The Ivy Coach Daily
September 8, 2023
2023-2024 MIT Supplemental Essay Prompts
The Massachusetts Institute of Technology has released its essay prompts for applicants to the Class of 2028. The Institute, one of the last highly selective universities to release its essay prompts for the 2023-2024 admissions cycle, poses five required essay prompts to this year’s applicants in addition to an optional text box in which applicants can include anything else they wish to share. So what are this year’s MIT essay prompts? Let’s check them out!
2023-2024 Massachusetts Institute of Technology Essay Topics and Questions
MIT applicants are asked to answer the following five short answer essay prompts in 100-200 words.
1. What field of study appeals to you the most right now? (Note: Applicants select from a drop-down list.) Tell us more about why this field of study at MIT appeals to you.
This essay is an opportunity for students to articulate the origin story of their interest in a specific discipline — a discipline that is ideally showcased through their activities section and other MIT essays (always in complementary, never redundant ways). Students should focus on how they became interested in the field as high schoolers rather than as children.
2. We know you lead a busy life, full of activities, many of which are required of you. Tell us about something you do simply for the pleasure of it.
When answering this essay prompt, so many students choose to write about an activity that brings them joy that fails to showcase intellectual curiosity. The activity an applicant chooses need not relate to their hook that they’ve ideally showcased in other essays and their activities section. But it must showcase how an applicant thinks. Tie-dyeing a t-shirt isn’t an intellectual pursuit — until a student zeroes in on the math behind tie-dyeing. Do you get the idea?
3. How has the world you come from—including your opportunities, experiences, and challenges—shaped your dreams and aspirations?
In the majority opinion striking down Affirmative Action, Supreme Court Chief Justice John Roberts penned a loophole for colleges to still factor in the influence of a student’s race or background. This essay is an opportunity for applicants to capitalize on this loophole.
Of course, students need not be underrepresented minorities to answer this prompt. Applicants could instead focus on their faith, community, or experiences that have shaped who they are and who they hope to be.
4. MIT brings people with diverse backgrounds together to collaborate, from tackling the world’s biggest challenges to lending a helping hand. Describe one way you have collaborated with others to learn from them, with them, or contribute to your community together.

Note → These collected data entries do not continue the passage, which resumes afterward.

lemma lift_well_defined:
  assumes s: "s \<in> S" and r: "r \<in> carrier A" and s': "s' \<in> S" and r': "r' \<in> carrier A"
    and q: "q \<in> carrier Q" and sq: "lam s \<otimes>\<^bsub>Q\<^esub> q = lam r" and s'q: "lam s' \<otimes>\<^bsub>Q\<^esub> q = lam r'"
  shows "inv\<^bsub>Q'\<^esub> (psi s) \<otimes>\<^bsub>Q'\<^esub> psi r = inv\<^bsub>Q'\<^esub> (psi s') \<otimes>\<^bsub>Q'\<^esub> psi r'"
proof -
  obtain u v where u: "u \<in> S" and v: "v \<in> carrier A" and uv: "lam (u \<otimes>\<^bsub>A\<^esub> s') = lam (v \<otimes>\<^bsub>A\<^esub> s)"
    using lam_Ore[OF S_carrier[OF s'] s] by blast
  have "lam (u \<otimes>\<^bsub>A\<^esub> r') = lam (u \<otimes>\<^bsub>A\<^esub> s') \<otimes>\<^bsub>Q\<^esub> q"
    using u s' q S_carrier lam_closed by (simp add: lam_mult r' Q.m_assoc flip: s'q)
  also have "\<dots> = lam (v \<otimes>\<^bsub>A\<^esub> r)"
    using v s q S_carrier lam_closed by (simp add: uv lam_mult r Q.m_assoc flip: sq)
  finally have ur': "psi u \<otimes>\<^bsub>Q'\<^esub> psi r' = psi v \<otimes>\<^bsub>Q'\<^esub> psi r"
    using psi_eq_if_lam_eq[of "u \<otimes>\<^bsub>A\<^esub> r'" "v \<otimes>\<^bsub>A\<^esub> r"] u v r r' S_carrier m_closed_A
    by (simp add: psi_mult)
  have us': "psi u \<otimes>\<^bsub>Q'\<^esub> psi s' = psi v \<otimes>\<^bsub>Q'\<^esub> psi s"
    using psi_eq_if_lam_eq[OF _ _ uv] u v s s' S_carrier m_closed_A by (simp add: psi_mult)
  have U: "psi u \<in> Units Q'" "psi s \<in> Units Q'" "psi s' \<in> Units Q'"
    using psi_Units u s s' by auto
  have "(psi u \<otimes>\<^bsub>Q'\<^esub> psi s') \<otimes>\<^bsub>Q'\<^esub> (inv\<^bsub>Q'\<^esub> (psi s) \<otimes>\<^bsub>Q'\<^esub> psi r)
      = psi v \<otimes>\<^bsub>Q'\<^esub> psi r"
    using Q'.Units_inv_cancel_mid[OF U(2)] psi_closed r v by (simp add: us')
  also have "\<dots> = (psi u \<otimes>\<^bsub>Q'\<^esub> psi s') \<otimes>\<^bsub>Q'\<^esub> (inv\<^bsub>Q'\<^esub> (psi s') \<otimes>\<^bsub>Q'\<^esub> psi r')"
    using Q'.Units_inv_cancel_mid[OF U(3)] psi_closed r' U(1) by (simp add: ur' Q'.Units_closed)
  finally show ?thesis
    using U psi_closed r r' by (simp add: Q'.Units_closed)
qed

definition lift :: "'b \<Rightarrow> 'c" where
  "lift q = (SOME x. \<exists>s\<in>S. \<exists>r\<in>carrier A. lam s \<otimes>\<^bsub>Q\<^esub> q = lam r \<and> x = inv\<^bsub>Q'\<^esub> (psi s) \<otimes>\<^bsub>Q'\<^esub> psi r)"

lemma lift_eq:
  assumes "s \<in> S" and "r \<in> carrier A" and "q \<in> carrier Q" and "lam s \<otimes>\<^bsub>Q\<^esub> q = lam r"
  shows "lift q = inv\<^bsub>Q'\<^esub> (psi s) \<otimes>\<^bsub>Q'\<^esub> psi r"
  unfolding lift_def
proof (rule someI2)
  show "\<exists>s'\<in>S. \<exists>r'\<in>carrier A. lam s' \<otimes>\<^bsub>Q\<^esub> q = lam r'
          \<and> inv\<^bsub>Q'\<^esub> (psi s) \<otimes>\<^bsub>Q'\<^esub> psi r = inv\<^bsub>Q'\<^esub> (psi s') \<otimes>\<^bsub>Q'\<^esub> psi r'"
    using assms by blast
qed (use assms lift_well_defined in metis)

lemma lift_closed:
  assumes q: "q \<in> carrier Q"
  shows "lift q \<in> carrier Q'"
proof -
  obtain s r where s: "s \<in> S" and r: "r \<in> carrier A" and sq: "lam s \<otimes>\<^bsub>Q\<^esub> q = lam r"
    using fraction_exists[OF q] by blast
  show ?thesis
    using lift_eq[OF s r q sq] psi_Units[OF s] psi_closed[OF r] by (simp add: Q'.Units_closed)
qed

lemma lift_add:
  assumes q1: "q1 \<in> carrier Q" and q2: "q2 \<in> carrier Q"
  shows "lift (q1 \<oplus>\<^bsub>Q\<^esub> q2) = lift q1 \<oplus>\<^bsub>Q'\<^esub> lift q2"
proof -
  obtain s1 r1 where s1: "s1 \<in> S" and r1: "r1 \<in> carrier A" and sq1: "lam s1 \<otimes>\<^bsub>Q\<^esub> q1 = lam r1"
    using fraction_exists[OF q1] by blast
  obtain s2 r2 where s2: "s2 \<in> S" and r2: "r2 \<in> carrier A" and sq2: "lam s2 \<otimes>\<^bsub>Q\<^esub> q2 = lam r2"
    using fraction_exists[OF q2] by blast
  obtain u v where u: "u \<in> S" and v: "v \<in> carrier A" and uv: "lam (u \<otimes>\<^bsub>A\<^esub> s2) = lam (v \<otimes>\<^bsub>A\<^esub> s1)"
    using lam_Ore[OF S_carrier[OF s2] s1] by blast
  define m where "m = u \<otimes>\<^bsub>A\<^esub> s2"
  have m: "m \<in> S" unfolding m_def using u s2 by (rule S_mult)
  have C: "u \<in> carrier A" "s1 \<in> carrier A" "s2 \<in> carrier A" "v \<otimes>\<^bsub>A\<^esub> r1 \<in> carrier A" "u \<otimes>\<^bsub>A\<^esub> r2 \<in> carrier A"
    using u s1 s2 v r1 r2 S_carrier m_closed_A by auto
  have mq1: "lam m \<otimes>\<^bsub>Q\<^esub> q1 = lam (v \<otimes>\<^bsub>A\<^esub> r1)"
    using C v r1 q1 lam_closed by (simp add: m_def uv lam_mult Q.m_assoc flip: sq1)
  have mq2: "lam m \<otimes>\<^bsub>Q\<^esub> q2 = lam (u \<otimes>\<^bsub>A\<^esub> r2)"
    using C r2 q2 lam_closed by (simp add: m_def lam_mult Q.m_assoc flip: sq2)
  have "lam m \<otimes>\<^bsub>Q\<^esub> (q1 \<oplus>\<^bsub>Q\<^esub> q2) = lam (v \<otimes>\<^bsub>A\<^esub> r1 \<oplus>\<^bsub>A\<^esub> u \<otimes>\<^bsub>A\<^esub> r2)"
    using C q1 q2 lam_closed[OF S_carrier[OF m]] by (simp add: Q.r_distr mq1 mq2 lam_add)
  then have "lift (q1 \<oplus>\<^bsub>Q\<^esub> q2) = inv\<^bsub>Q'\<^esub> (psi m) \<otimes>\<^bsub>Q'\<^esub> psi (v \<otimes>\<^bsub>A\<^esub> r1 \<oplus>\<^bsub>A\<^esub> u \<otimes>\<^bsub>A\<^esub> r2)"
    using C q1 q2 m by (intro lift_eq) auto
  also have "\<dots> = inv\<^bsub>Q'\<^esub> (psi m) \<otimes>\<^bsub>Q'\<^esub> psi (v \<otimes>\<^bsub>A\<^esub> r1) \<oplus>\<^bsub>Q'\<^esub> inv\<^bsub>Q'\<^esub> (psi m) \<otimes>\<^bsub>Q'\<^esub> psi (u \<otimes>\<^bsub>A\<^esub> r2)"
    using C psi_closed psi_Units[OF m] by (simp add: psi_add Q'.r_distr Q'.Units_closed)
  also have "\<dots> = lift q1 \<oplus>\<^bsub>Q'\<^esub> lift q2"
    using lift_eq[OF m C(4) q1 mq1] lift_eq[OF m C(5) q2 mq2] by simp
  finally show ?thesis .
qed

lemma lift_mult:
  assumes q1: "q1 \<in> carrier Q" and q2: "q2 \<in> carrier Q"
  shows "lift (q1 \<otimes>\<^bsub>Q\<^esub> q2) = lift q1 \<otimes>\<^bsub>Q'\<^esub> lift q2"
proof -
  obtain s1 r1 where s1: "s1 \<in> S" and r1: "r1 \<in> carrier A" and sq1: "lam s1 \<otimes>\<^bsub>Q\<^esub> q1 = lam r1"
    using fraction_exists[OF q1] by blast
  obtain s2 r2 where s2: "s2 \<in> S" and r2: "r2 \<in> carrier A" and sq2: "lam s2 \<otimes>\<^bsub>Q\<^esub> q2 = lam r2"
    using fraction_exists[OF q2] by blast
  obtain u v where u: "u \<in> S" and v: "v \<in> carrier A" and uv: "lam (u \<otimes>\<^bsub>A\<^esub> r1) = lam (v \<otimes>\<^bsub>A\<^esub> s2)"
    using lam_Ore[OF r1 s2] by blast
  have C: "u \<in> carrier A" "s1 \<in> carrier A" "s2 \<in> carrier A" "v \<otimes>\<^bsub>A\<^esub> r2 \<in> carrier A"
    using u s1 s2 v r2 S_carrier m_closed_A by auto
  have U: "psi u \<in> Units Q'" "psi s1 \<in> Units Q'" "psi s2 \<in> Units Q'"
    using psi_Units u s1 s2 by auto
  have "lam (u \<otimes>\<^bsub>A\<^esub> s1) \<otimes>\<^bsub>Q\<^esub> (q1 \<otimes>\<^bsub>Q\<^esub> q2) = lam (u \<otimes>\<^bsub>A\<^esub> r1) \<otimes>\<^bsub>Q\<^esub> q2"
    using C r1 q1 q2 lam_closed by (simp add: lam_mult Q.m_assoc flip: sq1)
  also have "\<dots> = lam (v \<otimes>\<^bsub>A\<^esub> r2)"
    using C v r2 q2 lam_closed by (simp add: uv lam_mult Q.m_assoc flip: sq2)
  finally have "lift (q1 \<otimes>\<^bsub>Q\<^esub> q2) = inv\<^bsub>Q'\<^esub> (psi (u \<otimes>\<^bsub>A\<^esub> s1)) \<otimes>\<^bsub>Q'\<^esub> psi (v \<otimes>\<^bsub>A\<^esub> r2)"
    using C q1 q2 u s1 by (intro lift_eq) (auto intro: S_mult)
  also have "\<dots> = inv\<^bsub>Q'\<^esub> (psi s1) \<otimes>\<^bsub>Q'\<^esub> (inv\<^bsub>Q'\<^esub> (psi u) \<otimes>\<^bsub>Q'\<^esub> psi v) \<otimes>\<^bsub>Q'\<^esub> psi r2"
    using C U v r2 psi_closed by (simp add: psi_mult Q'.inv_mult_Units Q'.m_assoc Q'.Units_closed)
  also have "inv\<^bsub>Q'\<^esub> (psi u) \<otimes>\<^bsub>Q'\<^esub> psi v = psi r1 \<otimes>\<^bsub>Q'\<^esub> inv\<^bsub>Q'\<^esub> (psi s2)"
  proof -
    have "psi u \<otimes>\<^bsub>Q'\<^esub> psi r1 = psi v \<otimes>\<^bsub>Q'\<^esub> psi s2"
      using psi_eq_if_lam_eq[OF _ _ uv] C v r1 m_closed_A by (simp add: psi_mult)
    then have "psi v = psi u \<otimes>\<^bsub>Q'\<^esub> psi r1 \<otimes>\<^bsub>Q'\<^esub> inv\<^bsub>Q'\<^esub> (psi s2)"
      using U v psi_closed by (simp add: Q'.m_assoc Q'.Units_closed)
    then have "psi v = psi u \<otimes>\<^bsub>Q'\<^esub> (psi r1 \<otimes>\<^bsub>Q'\<^esub> inv\<^bsub>Q'\<^esub> (psi s2))"
      using U r1 psi_closed by (simp add: Q'.m_assoc Q'.Units_closed)
    then show ?thesis
      using U r1 psi_closed by (simp add: Q'.m_assoc[symmetric] Q'.Units_closed)
  qed
  also have "inv\<^bsub>Q'\<^esub> (psi s1) \<otimes>\<^bsub>Q'\<^esub> (psi r1 \<otimes>\<^bsub>Q'\<^esub> inv\<^bsub>Q'\<^esub> (psi s2)) \<otimes>\<^bsub>Q'\<^esub> psi r2
      = lift q1 \<otimes>\<^bsub>Q'\<^esub> lift q2"
    using lift_eq[OF s1 r1 q1 sq1] lift_eq[OF s2 r2 q2 sq2] U r1 r2 psi_closed
    by (simp add: Q'.m_assoc Q'.Units_closed)
  finally show ?thesis .
qed

lemma lift_lam:
  assumes a: "a \<in> carrier A"
  shows "lift (lam a) = psi a"
proof -
  have "lam \<one>\<^bsub>A\<^esub> \<otimes>\<^bsub>Q\<^esub> lam a = lam a"
    using lam_closed[OF a] by (simp add: ring_hom_one[OF lam_hom])
  then show ?thesis
    using lift_eq[OF one_S a lam_closed[OF a]] psi_closed[OF a] by (simp add: ring_hom_one[OF psi_hom])
qed

lemma lift_ring_hom: "lift \<in> ring_hom Q Q'"
proof (rule ring_hom_memI)
  show "lift \<one>\<^bsub>Q\<^esub> = \<one>\<^bsub>Q'\<^esub>"
    using lift_lam[OF S_carrier[OF one_S]] by (simp add: ring_hom_one[OF lam_hom] ring_hom_one[OF psi_hom])
qed (simp_all add: lift_closed lift_add lift_mult)

lemma lift_fraction:
  assumes "s \<in> S" and "r \<in> carrier A"
  shows "lift (inv\<^bsub>Q\<^esub> (lam s) \<otimes>\<^bsub>Q\<^esub> lam r) = inv\<^bsub>Q'\<^esub> (psi s) \<otimes>\<^bsub>Q'\<^esub> psi r"
  using assms lam_Units[OF assms(1)] lam_closed[OF assms(2)]
  by (intro lift_eq) (simp_all add: fraction_eq_iff[symmetric] Q.Units_closed)

lemma kernel_lift_principal:
  assumes c: "c \<in> carrier Q" and c_comm: "\<And>a. a \<in> carrier A \<Longrightarrow> c \<otimes>\<^bsub>Q\<^esub> lam a = lam a \<otimes>\<^bsub>Q\<^esub> c"
    and lift_c: "lift c = \<zero>\<^bsub>Q'\<^esub>"
    and psi_zero: "\<And>r. r \<in> carrier A \<Longrightarrow> psi r = \<zero>\<^bsub>Q'\<^esub> \<Longrightarrow>
                        \<exists>s\<in>S. \<exists>y\<in>carrier A. lam (s \<otimes>\<^bsub>A\<^esub> r) = c \<otimes>\<^bsub>Q\<^esub> lam y"
  shows "a_kernel Q Q' lift = {c \<otimes>\<^bsub>Q\<^esub> q | q. q \<in> carrier Q}"
proof (intro equalityI subsetI)
  fix x assume "x \<in> {c \<otimes>\<^bsub>Q\<^esub> q | q. q \<in> carrier Q}"
  then obtain q where q: "q \<in> carrier Q" and x: "x = c \<otimes>\<^bsub>Q\<^esub> q" by blast
  have "lift x = \<zero>\<^bsub>Q'\<^esub>" using c q lift_closed[OF q] by (simp add: x lift_mult lift_c)
  then show "x \<in> a_kernel Q Q' lift" using c q by (simp add: a_kernel_def' x)
next
  fix x assume "x \<in> a_kernel Q Q' lift"
  then have x: "x \<in> carrier Q" and lift_x: "lift x = \<zero>\<^bsub>Q'\<^esub>" by (auto simp: a_kernel_def')
  obtain s r where s: "s \<in> S" and r: "r \<in> carrier A" and sx: "lam s \<otimes>\<^bsub>Q\<^esub> x = lam r"
    using fraction_exists[OF x] by blast
  have "psi r = psi s \<otimes>\<^bsub>Q'\<^esub> (inv\<^bsub>Q'\<^esub> (psi s) \<otimes>\<^bsub>Q'\<^esub> psi r)"
    using psi_Units[OF s] psi_closed[OF r] by (simp add: Q'.m_assoc[symmetric] Q'.Units_closed)
  also have "inv\<^bsub>Q'\<^esub> (psi s) \<otimes>\<^bsub>Q'\<^esub> psi r = \<zero>\<^bsub>Q'\<^esub>"
    using lift_eq[OF s r x sx] lift_x by simp
  also have "psi s \<otimes>\<^bsub>Q'\<^esub> \<zero>\<^bsub>Q'\<^esub> = \<zero>\<^bsub>Q'\<^esub>"
    using psi_Units[OF s] by (simp add: Q'.Units_closed)
  finally obtain s' y where s': "s' \<in> S" and y: "y \<in> carrier A"
    and s'r: "lam (s' \<otimes>\<^bsub>A\<^esub> r) = c \<otimes>\<^bsub>Q\<^esub> lam y"
    using psi_zero[OF r] by blast
  define m where "m = s' \<otimes>\<^bsub>A\<^esub> s"
  have m: "m \<in> S" unfolding m_def using s' s by (rule S_mult)
  have mx: "lam m \<otimes>\<^bsub>Q\<^esub> x = c \<otimes>\<^bsub>Q\<^esub> lam y"
    using s' s r x S_carrier lam_closed by (simp add: m_def lam_mult Q.m_assoc sx flip: s'r)
  have "x = inv\<^bsub>Q\<^esub> (lam m) \<otimes>\<^bsub>Q\<^esub> (lam m \<otimes>\<^bsub>Q\<^esub> x)"
    using lam_Units[OF m] x by (simp add: Q.m_assoc[symmetric] Q.Units_closed)
  also have "\<dots> = inv\<^bsub>Q\<^esub> (lam m) \<otimes>\<^bsub>Q\<^esub> c \<otimes>\<^bsub>Q\<^esub> lam y"
    using lam_Units[OF m] c lam_closed[OF y] by (simp add: mx Q.m_assoc Q.Units_closed)
  also have "\<dots> = c \<otimes>\<^bsub>Q\<^esub> (inv\<^bsub>Q\<^esub> (lam m) \<otimes>\<^bsub>Q\<^esub> lam y)"
    using Q.Units_inv_commute[OF lam_Units[OF m] c c_comm[OF S_carrier[OF m]]]
      lam_Units[OF m] c lam_closed[OF y] by (simp add: Q.m_assoc Q.Units_closed)
  finally show "x \<in> {c \<otimes>\<^bsub>Q\<^esub> q | q. q \<in> carrier Q}"
    using lam_Units[OF m] lam_closed[OF y] by blast
qed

MIT’s admissions committee wants to see that an applicant can play well in the sandbox with others. Too many know-it-alls apply to MIT. MIT is sifting through applications to identify students who have strong opinions but are malleable to change them when presented with differing viewpoints.
Through a specific anecdote, applicants should describe an example of a time they worked with others to address a problem in their community — ideally related to their hook so that their application sings with a singular talent rather than well-roundedness. If an applicant’s hook is environmental science, their answer will hopefully focus on an environmental issue in their community.
5. How did you manage a situation or challenge that you didn’t expect? What did you learn from it?
Too many applicants choose to write about tough graders or rigorous exams. It’s a mistake. MIT’s admissions committee seek to admit students for whom learning comes easily rather than students who have to work hard to get great grades and scores. Besides, by writing about grades and tests, it implies that’s what matters to the applicant.
Students should instead focus on an anecdote that showcases their love of learning. It could be a time when an applicant was debating a hot-button political issue with a classmate in a political science course. Maybe the fellow student they were discussing raised a point the applicant didn’t foresee and for which they didn’t have a retort. So the applicant hit the library and learned more about the issue, only to come back the next day to either counter or further substantiate the fellow student’s position.
Optional Open-Ended Additional Information Textbox
MIT’s admissions committee also includes a final, open-ended text box with the below instructions and 650 words available in the text box:
There is also one final, open-ended, additional-information text box where you can tell us anything else you think we really ought to know.
In this free response, many students include their Common Application Personal Statement. So long as it fits like a puzzle piece with the MIT supplemental essays, we at Ivy Coach fully support that since any optional essay in elite college admissions should not be considered optional. Instead, it should be viewed as an opportunity to inspire admissions officers to root for an applicant.